Well, the thing is that Alkaid is one of my favorite stars, at the same time as it is a disappointment to me. It is fascinating because it is a star of spectral class B3 at a distance of only about a hundred light-years - that's nearby as early B-type stars go! But at the same time I'm disappointed, because it is not particularly blue as early B-type stars go, with a B-V of only −0.099, and it is not all that bright, only about 150 times solar in yellow-green light.

Oh well! I loved the fact that Alkaid seemed to be firing a Quadrantid!
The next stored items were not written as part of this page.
(* Let $\Gamma$ be a finitely presented group, $\Gamma = \langle S \mid R\rangle$ with $S$ a finite symmetric generating set and $R$ a finite set of relators (words in $S$), and assume that $\Gamma$ is one-ended. Let $r$ be a real number with $r > \max_{w \in R} \tfrac{|w|}{2}$, where $|w|$ denotes the word length of $w$. Then the Cayley graph of $\Gamma$ with respect to $S$ has connected spheres with constant $r$: for every integer $n \geq 0$, the set $B_{n+r} \cap B_n^{\mathrm{c},\infty}$ is connected.
   Context: For a finitely generated group $\Gamma$ and a finite set $S \subset \Gamma$ with $s \in S \Rightarrow s^{-1} \in S$ generating $\Gamma$, the Cayley graph has vertex set $\Gamma$, with $g,h$ joined by an edge whenever $gs = h$ for some $s \in S$; it carries the graph (word) metric. $B_t$ denotes the ball of radius $t$ centred at the identity element $e$ in this metric. $\Gamma$ is one-ended if, for all large $n$, the complement of $B_n$ in the Cayley graph has exactly one infinite connected component; $B_n^{\mathrm{c},\infty}$ denotes this infinite connected component of the complement $B_n^{\mathrm{c}}$ of $B_n$. A set of vertices is called connected if the subgraph of the Cayley graph induced on it is connected. The Cayley graph has connected spheres with constant $r>0$ if for all $n \geq 0$ the set $B_{n+r} \cap B_n^{\mathrm{c},\infty}$ is connected. *)

theory Defs
  imports Complex_Main "HOL-Algebra.Group"
begin

definition word_eval :: "('a, 'b) monoid_scheme \<Rightarrow> 'a list \<Rightarrow> 'a" where
  "word_eval G w = foldr (\<lambda>s g. s \<otimes>\<^bsub>G\<^esub> g) w \<one>\<^bsub>G\<^esub>"

inductive word_step :: "('a, 'b) monoid_scheme \<Rightarrow> 'a set \<Rightarrow> 'a list set \<Rightarrow> 'a list \<Rightarrow> 'a list \<Rightarrow> bool"
  for G S R where
  ins_backtrack: "s \<in> S \<Longrightarrow> word_step G S R (u @ v) (u @ [s, inv\<^bsub>G\<^esub> s] @ v)"
| ins_relator: "w \<in> R \<Longrightarrow> word_step G S R (u @ v) (u @ w @ v)"

definition is_presentation :: "('a, 'b) monoid_scheme \<Rightarrow> 'a set \<Rightarrow> 'a list set \<Rightarrow> bool" where
  "is_presentation G S R \<longleftrightarrow>
     S \<subseteq> carrier G \<and> (\<forall>s\<in>S. inv\<^bsub>G\<^esub> s \<in> S) \<and>
     (\<forall>g\<in>carrier G. \<exists>w. set w \<subseteq> S \<and> word_eval G w = g) \<and>
     (\<forall>w\<in>R. set w \<subseteq> S) \<and>
     (\<forall>w. set w \<subseteq> S \<longrightarrow> (word_eval G w = \<one>\<^bsub>G\<^esub> \<longleftrightarrow> equivclp (word_step G S R) w []))"

definition cayley_adj :: "('a, 'b) monoid_scheme \<Rightarrow> 'a set \<Rightarrow> 'a \<Rightarrow> 'a \<Rightarrow> bool" where
  "cayley_adj G S g h \<longleftrightarrow> g \<in> carrier G \<and> (\<exists>s\<in>S. g \<otimes>\<^bsub>G\<^esub> s = h)"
Alkaid, get your gun! 🔫

Ann

APOD: Quadrantids of the North (2022 Jan 08)

by APOD Robot » Sat Jan 08, 2022 5:05 am

Image Quadrantids of the North

Explanation: Named for a forgotten constellation, the Quadrantid Meteor Shower puts on an annual show for planet Earth's northern hemisphere skygazers. The shower's radiant on the sky lies within the old, astronomically obsolete constellation Quadrans Muralis. That location is not far from the Big Dipper, at the boundaries of the modern constellations Bootes and Draco. In fact north star Polaris is just below center in this frame and the Big Dipper asterism (known to some as the Plough) is above it, with the meteor shower radiant to the right. Pointing back toward the radiant, Quadrantid meteors streak through the night in the panoramic skyscape, a composite of images taken in the hours around the shower's peak on January 4, 2022. Arrayed in the foreground are radio telescopes of the Chinese Spectral Radioheliograph, Mingantu Observing Station, Inner Mongolia, China. A likely source of the dust stream that produces Quadrantid meteors was identified in 2003 as an asteroid.